If you were born to an Armenian parent and lived in a place where no Armenian community was available, and you had an eagerness to discover your roots and learn the Armenian language, what would you do?

Christine Serdjenian It was definitely an important matter for Christine Serdjenian, a young Armenian-American lady living in Queens, NY, who finished her Masters in Teaching from Pace University and Masters in Higher Education at Harvard University, and now works as the Assistant Athletic Director at Yeshiva University.

The youngest of three, Christine, has an older brother and a sister. Her Armenian father's family comes from Istanbul and Ordu, while her mother is Irish. While growing up she didnít have the chance to attend an Armenian school nor Armenian Sunday school, as that was not available in her hometown Waterville, Maine.

However, she had a lot of interest in Armenian issues, particularly as she started to understand the concept of identity in middle school, while she was formulating her own identity during teenage years.

"The population of my hometown was very homogenous, and I experienced things that made me feel and conceptualize myself as different," says Christine. "Other kids used to ask me questions about the food I brought to school, or make comments about the way I looked, my unfamiliar surname, etc. As a result, when I would try to understand the things that happened to me as a child, my father and mother both instilled a pride of being Armenian in me."

Along with another half-Armenian classmate, Christine used to do presentations to educate her friends about Armenian history. When she first went to Brown University to study sociology, she used to frequent the Armenian Church in Providence, Rhode Island, and she co-founded an Armenian Students' Association on campus. However, not knowing much of the language nor many customs, it wasn't easy for her to interact with the local Armenian community.

In 2008, Christine visited Armenia for the first time through the Birthright Armenia program and as an Armenian Volunteer Corps participant. She lived with a host family in Yerevan for several months and she interned at Counterpart International.

"The experience was monumental, but I wished, on a daily basis, that I possessed the language skills to make it an even deeper one," she said. However, living in Armenia for three months gave Christine some basic proficiency in speaking and comprehension.

Upon returning to NYC, Christine started looking for a way to keep the level of Armenian language she had attained while in Armenia. It was then that she found out about the Armenian Virtual College (AVC) from a fellow Birthright Armenia alumnus, and so she enrolled for the Eastern Armenian course at AVC. She has so far completed three courses through AVC, progressing from the Introductory to the Intermediate Eastern Armenian. "I wanted to study Armenian with the Armenian Virtual College because I don't often have the opportunity to speak or practice thinking in Armenian, and I didn't want to lose what I had gained while living in Armenia," she said. "My growth in reading and writing has also helped me to be able to study independently as well as with my confidence with the language."

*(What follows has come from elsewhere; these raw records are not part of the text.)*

(* Let $N\ge 2$ and let $A=J-I$ be the adjacency matrix of the complete graph $K_N$. For integers $k\ge1$, $m\ge1$ define $$\mathcal A[k,m]=\sum_{\substack{j_1+\cdots+j_k=m\\ j_i\ge1}}\ \prod_{i=1}^k (A^{j_i})_{11}.$$ Then for every $x\in(0,1)$, $$|\mathcal A[k,m]|\le \frac{(N-1)^m}{(N-1-x)^k}\,\frac{x^{2k-m}}{(1-x)^k};$$ in particular $|\mathcal A[k,m]|\le 2^{m-k}\frac{(N-1)^m}{(N-\frac32)^k}$, and, if $m>2k$, $$|\mathcal A[k,m]|\le\frac{(N-1)^m}{\left(N-1-\frac{m-2k}{m-k}\right)^k}\,\frac{(m-k)^{m-k}}{(m-2k)^{m-2k}k^k}.$$
   Context: $(A^{j})_{11}$ is the number of closed walks of length $j$ starting and ending at node $1$. *)

theory Defs
  imports Complex_Main "Jordan_Normal_Form.Matrix"
begin

text \<open>Adjacency matrix J - I of the complete graph K_N (vertices 0..N-1; paper's node 1 is index 0).\<close>
definition K_adj :: "nat \<Rightarrow> int mat" where
  "K_adj N = mat N N (\<lambda>(i,j). if i = j then 0 else 1)"

definition walk11 :: "nat \<Rightarrow> nat \<Rightarrow> int" where
  "walk11 N j = (K_adj N ^\<^sub>m j) $$ (0,0)"

definition compositions :: "nat \<Rightarrow> nat \<Rightarrow> nat list set" where
  "compositions k m = {js. length js = k \<and> (\<forall>j\<in>set js. 1 \<le> j) \<and> sum_list js = m}"

definition calA :: "nat \<Rightarrow> nat \<Rightarrow> nat \<Rightarrow> int" where
  "calA N k m = (\<Sum>js\<in>compositions k m. \<Prod>j\<leftarrow>js. walk11 N j)"

end

theory Submission
  imports Defs
begin

text \<open>
  Write \<open>n = N - 1\<close> and \<open>c\<^sub>j = (A\<^sup>j)\<^sub>1\<^sub>1\<close>. Every power of \<open>A = J - I\<close> has a constant
  diagonal \<open>d\<close> and a constant off-diagonal \<open>e\<close>, both nonnegative, with \<open>d + n e = n\<^sup>j\<close>
  (row sums); as \<open>c\<^sub>j\<^sub>+\<^sub>1 = n e\<close>, this gives \<open>c\<^sub>1 = 0\<close> and \<open>0 \<le> c\<^sub>j\<^sub>+\<^sub>1 \<le> n\<^sup>j\<close>.
  With \<open>r = x / n\<close>, Rankin's trick gives
  \<open>r\<^sup>m \<A>[k,m] \<le> (\<Sum>\<^sub>j c\<^sub>j r\<^sup>j)\<^sup>k \<le> (\<Sum>\<^sub>j\<^sub>\<ge>\<^sub>2 x\<^sup>j / n)\<^sup>k \<le> (x\<^sup>2 / (n (1 - x)))\<^sup>k\<close>,
  since dropping the constraint \<open>j\<^sub>1 + \<dots> + j\<^sub>k = m\<close> only adds nonnegative terms.
  This bound, with \<open>n\<^sup>k\<close> in place of \<open>(n - x)\<^sup>k\<close>, is slightly stronger than the first claim;
  the other two are its instances \<open>x = 1/2\<close> and \<open>x = (m - 2k)/(m - k)\<close>.
\<close>

definition diag_offdiag_mat :: "nat \<Rightarrow> 'a \<Rightarrow> 'a \<Rightarrow> 'a mat" where
  "diag_offdiag_mat n d e = mat n n (\<lambda>(i, l). if i = l then d else e)"

lemma sum_diag_offdiag_row_times_K_adj_col:
  fixes d e :: int
  assumes "i < N" "l < N"
  shows "(\<Sum>t = 0..<N. (if i = t then d else e) * (if t = l then 0 else 1))
        = (if i = l then (int N - 1) * e else d + (int N - 2) * e)"
proof (cases "i = l")
  case True
  have "(\<Sum>t = 0..<N. (if i = t then d else e) * (if t = l then 0 else 1))
      = (\<Sum>t\<in>{0..<N} - {l}. e)"
    using assms True by (subst sum.remove[of _ l]) auto
  also have "\<dots> = (int N - 1) * e" using assms by (simp add: of_nat_diff)
  finally show ?thesis using True by simp
next
  case False
  have "(\<Sum>t = 0..<N. (if i = t then d else e) * (if t = l then 0 else 1))
      = (\<Sum>t\<in>{0..<N} - {l}. if i = t then d else e)"
    using assms by (subst sum.remove[of _ l]) auto
  also have "\<dots> = d + (\<Sum>t\<in>{0..<N} - {l} - {i}. e)"
    using assms False by (subst sum.remove[of _ i]) auto
  also have "\<dots> = d + (int N - 2) * e"
    using assms False by (simp add: card_Diff_subset of_nat_diff)
  finally show ?thesis using False by simp
qed

lemma diag_offdiag_mat_mult_K_adj:
  fixes d e :: int
  shows "diag_offdiag_mat N d e * K_adj N
       = diag_offdiag_mat N ((int N - 1) * e) (d + (int N - 2) * e)"
proof (rule eq_matI)
  fix i l
  assume "i < dim_row (diag_offdiag_mat N ((int N - 1) * e) (d + (int N - 2) * e))"
    and "l < dim_col (diag_offdiag_mat N ((int N - 1) * e) (d + (int N - 2) * e))"
  then have il: "i < N" "l < N" by (auto simp: diag_offdiag_mat_def)
  have "(diag_offdiag_mat N d e * K_adj N) $$ (i, l)
      = (\<Sum>t = 0..<N. (if i = t then d else e) * (if t = l then 0 else 1))"
    using il by (auto simp: diag_offdiag_mat_def K_adj_def scalar_prod_def intro!: sum.cong)
  also have "\<dots> = diag_offdiag_mat N ((int N - 1) * e) (d + (int N - 2) * e) $$ (i, l)"
    using il by (simp add: sum_diag_offdiag_row_times_K_adj_col diag_offdiag_mat_def)
  finally show "(diag_offdiag_mat N d e * K_adj N) $$ (i, l)
      = diag_offdiag_mat N ((int N - 1) * e) (d + (int N - 2) * e) $$ (i, l)" .
qed (auto simp: diag_offdiag_mat_def K_adj_def)

lemma K_adj_power_eq_diag_offdiag_mat:
  assumes "N \<ge> 2"
  shows "\<exists>d e. K_adj N ^\<^sub>m j = diag_offdiag_mat N d e \<and> 0 \<le> d \<and> 0 \<le> e
                \<and> d + (int N - 1) * e = (int N - 1) ^ j"
proof (induction j)
  case 0
  have "K_adj N ^\<^sub>m 0 = diag_offdiag_mat N 1 0"
    by (auto simp: K_adj_def diag_offdiag_mat_def one_mat_def)
  then show ?case by (intro exI[of _ 1] exI[of _ 0]) simp
next
  case (Suc j)
  then obtain d e where de: "K_adj N ^\<^sub>m j = diag_offdiag_mat N d e" "0 \<le> d" "0 \<le> e"
    "d + (int N - 1) * e = (int N - 1) ^ j" by blast
  have "K_adj N ^\<^sub>m Suc j = diag_offdiag_mat N ((int N - 1) * e) (d + (int N - 2) * e)"
    using de(1) by (simp add: diag_offdiag_mat_mult_K_adj)
  moreover have "(int N - 1) * e + (int N - 1) * (d + (int N - 2) * e) = (int N - 1) ^ Suc j"
    using de(4) by (simp add: algebra_simps)
  ultimately show ?case using assms de(2,3) by (intro exI conjI) auto
qed

lemma walk11_one: "N \<ge> 1 \<Longrightarrow> walk11 N 1 = 0"
  by (simp add: walk11_def K_adj_def)

lemma walk11_nonneg:
  assumes "N \<ge> 2"
  shows "0 \<le> walk11 N j"
  using K_adj_power_eq_diag_offdiag_mat[OF assms, of j] assms
  by (auto simp: walk11_def diag_offdiag_mat_def)

lemma walk11_Suc_le:
  assumes "N \<ge> 2"
  shows "walk11 N (Suc j) \<le> (int N - 1) ^ j"
proof -
  obtain d e where de: "K_adj N ^\<^sub>m j = diag_offdiag_mat N d e" "0 \<le> d"
    "d + (int N - 1) * e = (int N - 1) ^ j"
    using K_adj_power_eq_diag_offdiag_mat[OF assms] by blast
  then have "K_adj N ^\<^sub>m Suc j = diag_offdiag_mat N ((int N - 1) * e) (d + (int N - 2) * e)"
    by (simp add: diag_offdiag_mat_mult_K_adj)
  then have "walk11 N (Suc j) = (int N - 1) * e"
    using assms by (simp add: walk11_def diag_offdiag_mat_def)
  then show ?thesis using de(2,3) by linarith
qed

lemma sum_prod_list_lists_length:
  fixes f :: "'a \<Rightarrow> 'b::comm_semiring_1"
  shows "(\<Sum>xs\<in>{xs. set xs \<subseteq> D \<and> length xs = k}. \<Prod>x\<leftarrow>xs. f x) = sum f D ^ k"
proof (induction k)
  case 0
  have "{xs. set xs \<subseteq> D \<and> length xs = 0} = {[]}" by auto
  then show ?case by simp
next
  case (Suc k)
  have "inj_on (\<lambda>(xs, x). x # xs) ({xs. set xs \<subseteq> D \<and> length xs = k} \<times> D)"
    by (auto simp: inj_on_def)
  then have "(\<Sum>xs\<in>{xs. set xs \<subseteq> D \<and> length xs = Suc k}. \<Prod>x\<leftarrow>xs. f x)
      = (\<Sum>(xs, x)\<in>{xs. set xs \<subseteq> D \<and> length xs = k} \<times> D. f x * (\<Prod>y\<leftarrow>xs. f y))"
    unfolding lists_length_Suc_eq by (subst sum.reindex) (simp_all add: case_prod_beta)
  also have "\<dots> = (\<Sum>xs\<in>{xs. set xs \<subseteq> D \<and> length xs = k}. \<Prod>y\<leftarrow>xs. f y) * sum f D"
    by (simp add: sum.cartesian_product[symmetric] sum_distrib_left sum_distrib_right mult.commute)
  finally show ?case using Suc by (simp add: mult.commute)
qed

lemma prod_list_map_mult_power:
  fixes c :: "nat \<Rightarrow> 'a::comm_monoid_mult"
  shows "(\<Prod>j\<leftarrow>js. c j * r ^ j) = (\<Prod>j\<leftarrow>js. c j) * r ^ sum_list js"
  by (induction js) (simp_all add: power_add ac_simps)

The collaborative relationship between the AVC staff and professors and the alumni speaks volumes about the quality of the programs and its ability to perpetuate its mission. "I have really enjoyed being an Armenian Virtual College student; I've had the same professor for all three semesters, and she gives me great feedback," said Christine. "When I lived in Armenia a second time around to engage in a project with the Luys Foundation/The American University of Armenia and join the Armenian Womenís National Soccer Team as a guest player for a month in 2012, I was able to see how far the Armenian Virtual College courses and staff had helped me to come. I was able to read street signs and labels at the grocery store, and put the concepts that I studied and learned into functional practice both at work and socially. These online courses have proven that they have tremendous value, and I appreciate how generous the staff has been with me in terms of their resources and time."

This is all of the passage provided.